:: WORK TO COMPLETE ::
The answer must be every line of the records below that holds the word "forall".

[Stored entries]
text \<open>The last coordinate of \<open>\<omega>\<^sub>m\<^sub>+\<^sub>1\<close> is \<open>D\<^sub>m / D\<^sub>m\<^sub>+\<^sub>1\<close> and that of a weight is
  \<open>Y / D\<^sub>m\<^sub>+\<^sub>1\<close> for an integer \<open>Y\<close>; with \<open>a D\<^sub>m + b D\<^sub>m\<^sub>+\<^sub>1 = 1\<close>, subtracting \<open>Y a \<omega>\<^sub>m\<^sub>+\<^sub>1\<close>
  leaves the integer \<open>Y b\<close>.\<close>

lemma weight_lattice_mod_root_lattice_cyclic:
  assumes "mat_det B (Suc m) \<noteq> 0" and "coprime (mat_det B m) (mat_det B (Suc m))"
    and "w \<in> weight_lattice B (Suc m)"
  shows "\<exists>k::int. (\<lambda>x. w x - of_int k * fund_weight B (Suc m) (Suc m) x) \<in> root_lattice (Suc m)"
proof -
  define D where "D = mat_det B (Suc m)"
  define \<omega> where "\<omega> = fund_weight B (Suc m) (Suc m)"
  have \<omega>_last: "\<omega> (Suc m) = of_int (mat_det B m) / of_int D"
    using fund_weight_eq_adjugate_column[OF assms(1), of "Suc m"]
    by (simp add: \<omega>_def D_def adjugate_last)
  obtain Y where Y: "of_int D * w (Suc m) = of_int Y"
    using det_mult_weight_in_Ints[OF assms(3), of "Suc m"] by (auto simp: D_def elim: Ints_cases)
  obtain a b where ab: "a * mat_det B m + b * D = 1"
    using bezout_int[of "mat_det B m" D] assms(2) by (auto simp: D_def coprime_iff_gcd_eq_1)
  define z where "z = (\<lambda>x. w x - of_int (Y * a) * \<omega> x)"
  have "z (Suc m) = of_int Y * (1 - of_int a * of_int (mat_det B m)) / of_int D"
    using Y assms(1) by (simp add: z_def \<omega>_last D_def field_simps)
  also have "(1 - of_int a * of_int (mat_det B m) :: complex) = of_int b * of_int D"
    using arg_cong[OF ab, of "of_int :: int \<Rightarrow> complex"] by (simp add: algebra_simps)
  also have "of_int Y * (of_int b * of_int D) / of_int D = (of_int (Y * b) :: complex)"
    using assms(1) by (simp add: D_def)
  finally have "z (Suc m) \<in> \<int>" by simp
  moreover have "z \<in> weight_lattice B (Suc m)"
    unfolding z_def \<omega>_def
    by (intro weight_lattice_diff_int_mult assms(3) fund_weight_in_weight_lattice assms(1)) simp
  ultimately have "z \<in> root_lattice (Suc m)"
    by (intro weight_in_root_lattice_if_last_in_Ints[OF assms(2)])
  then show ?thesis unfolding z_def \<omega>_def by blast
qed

...

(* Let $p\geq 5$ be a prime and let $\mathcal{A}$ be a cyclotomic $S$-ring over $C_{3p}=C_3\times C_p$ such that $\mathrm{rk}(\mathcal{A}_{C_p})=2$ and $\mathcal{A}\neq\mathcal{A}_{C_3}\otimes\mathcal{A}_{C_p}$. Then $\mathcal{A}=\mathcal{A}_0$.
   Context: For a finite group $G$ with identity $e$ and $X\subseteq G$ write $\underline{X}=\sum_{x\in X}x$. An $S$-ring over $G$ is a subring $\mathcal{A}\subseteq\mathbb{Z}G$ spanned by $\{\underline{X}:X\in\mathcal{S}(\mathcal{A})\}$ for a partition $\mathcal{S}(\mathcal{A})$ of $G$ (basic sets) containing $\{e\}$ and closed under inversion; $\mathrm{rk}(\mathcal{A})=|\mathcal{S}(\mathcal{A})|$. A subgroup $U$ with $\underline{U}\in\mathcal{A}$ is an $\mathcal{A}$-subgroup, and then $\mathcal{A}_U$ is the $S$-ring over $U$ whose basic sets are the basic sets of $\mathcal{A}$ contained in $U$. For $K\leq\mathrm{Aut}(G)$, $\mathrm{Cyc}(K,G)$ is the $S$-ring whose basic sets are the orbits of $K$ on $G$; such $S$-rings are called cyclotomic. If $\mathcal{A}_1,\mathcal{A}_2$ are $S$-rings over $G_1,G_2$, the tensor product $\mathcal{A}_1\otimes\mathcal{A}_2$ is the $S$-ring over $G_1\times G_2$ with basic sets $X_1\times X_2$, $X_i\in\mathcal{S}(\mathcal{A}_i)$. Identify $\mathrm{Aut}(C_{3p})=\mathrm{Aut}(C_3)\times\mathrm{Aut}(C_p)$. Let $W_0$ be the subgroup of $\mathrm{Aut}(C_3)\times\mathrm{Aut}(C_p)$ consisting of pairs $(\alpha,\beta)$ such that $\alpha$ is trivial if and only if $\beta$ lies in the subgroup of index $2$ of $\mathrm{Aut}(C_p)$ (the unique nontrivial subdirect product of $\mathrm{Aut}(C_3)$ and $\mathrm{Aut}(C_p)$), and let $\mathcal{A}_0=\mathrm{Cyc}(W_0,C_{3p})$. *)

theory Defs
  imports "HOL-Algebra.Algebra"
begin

...

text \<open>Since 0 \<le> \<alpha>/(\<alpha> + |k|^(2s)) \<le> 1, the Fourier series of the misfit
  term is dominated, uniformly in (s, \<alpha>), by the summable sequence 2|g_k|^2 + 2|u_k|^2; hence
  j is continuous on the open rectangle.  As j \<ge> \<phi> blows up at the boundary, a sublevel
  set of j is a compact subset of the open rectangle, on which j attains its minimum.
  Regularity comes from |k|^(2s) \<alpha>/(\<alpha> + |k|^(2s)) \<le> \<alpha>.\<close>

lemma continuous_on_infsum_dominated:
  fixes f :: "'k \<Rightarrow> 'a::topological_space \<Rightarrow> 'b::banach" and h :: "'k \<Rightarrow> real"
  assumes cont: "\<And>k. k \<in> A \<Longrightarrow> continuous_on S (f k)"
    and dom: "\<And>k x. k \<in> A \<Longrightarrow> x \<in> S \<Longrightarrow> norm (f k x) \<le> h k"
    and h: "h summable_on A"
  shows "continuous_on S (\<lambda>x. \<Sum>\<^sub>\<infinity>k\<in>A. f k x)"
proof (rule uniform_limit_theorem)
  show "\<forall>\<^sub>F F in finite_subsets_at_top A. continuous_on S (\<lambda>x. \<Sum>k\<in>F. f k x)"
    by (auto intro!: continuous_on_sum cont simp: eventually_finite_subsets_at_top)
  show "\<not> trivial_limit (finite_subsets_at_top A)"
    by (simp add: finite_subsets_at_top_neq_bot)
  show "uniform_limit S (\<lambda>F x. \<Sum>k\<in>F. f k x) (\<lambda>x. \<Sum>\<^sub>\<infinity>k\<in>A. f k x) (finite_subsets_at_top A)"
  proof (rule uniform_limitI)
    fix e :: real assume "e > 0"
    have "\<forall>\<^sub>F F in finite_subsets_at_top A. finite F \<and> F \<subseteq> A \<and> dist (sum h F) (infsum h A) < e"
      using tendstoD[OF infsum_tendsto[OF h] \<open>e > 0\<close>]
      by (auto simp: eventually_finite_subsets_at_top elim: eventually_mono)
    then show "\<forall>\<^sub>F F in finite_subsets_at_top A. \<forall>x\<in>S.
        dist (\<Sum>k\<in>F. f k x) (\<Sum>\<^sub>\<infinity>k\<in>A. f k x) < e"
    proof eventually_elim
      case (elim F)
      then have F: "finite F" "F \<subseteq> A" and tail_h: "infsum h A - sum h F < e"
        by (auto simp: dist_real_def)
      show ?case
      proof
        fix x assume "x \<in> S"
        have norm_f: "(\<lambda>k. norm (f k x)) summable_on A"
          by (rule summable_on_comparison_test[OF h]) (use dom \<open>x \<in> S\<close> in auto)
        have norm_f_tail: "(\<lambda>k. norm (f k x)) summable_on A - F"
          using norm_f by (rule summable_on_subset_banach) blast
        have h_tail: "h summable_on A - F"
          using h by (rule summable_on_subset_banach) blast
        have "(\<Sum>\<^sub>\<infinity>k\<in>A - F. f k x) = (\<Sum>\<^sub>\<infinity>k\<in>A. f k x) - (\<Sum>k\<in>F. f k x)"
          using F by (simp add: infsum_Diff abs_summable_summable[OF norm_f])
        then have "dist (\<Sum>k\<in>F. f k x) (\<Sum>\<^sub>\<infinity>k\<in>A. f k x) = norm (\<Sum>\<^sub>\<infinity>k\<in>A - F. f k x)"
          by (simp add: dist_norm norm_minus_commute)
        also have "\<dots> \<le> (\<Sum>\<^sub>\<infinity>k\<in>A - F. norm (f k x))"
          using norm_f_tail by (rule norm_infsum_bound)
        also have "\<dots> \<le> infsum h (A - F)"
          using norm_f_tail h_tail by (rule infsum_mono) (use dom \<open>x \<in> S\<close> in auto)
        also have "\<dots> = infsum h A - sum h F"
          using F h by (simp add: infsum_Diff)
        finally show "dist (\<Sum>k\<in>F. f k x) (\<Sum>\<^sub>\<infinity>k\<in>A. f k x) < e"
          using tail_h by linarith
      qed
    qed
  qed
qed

:: YOUR SOLUTION ::
  show "\<forall>\<^sub>F F in finite_subsets_at_top A. continuous_on S (\<lambda>x. \<Sum>k\<in>F. f k x)"
    have "\<forall>\<^sub>F F in finite_subsets_at_top A. finite F \<and> F \<subseteq> A \<and> dist (sum h F) (infsum h A) < e"
    then show "\<forall>\<^sub>F F in finite_subsets_at_top A. \<forall>x\<in>S.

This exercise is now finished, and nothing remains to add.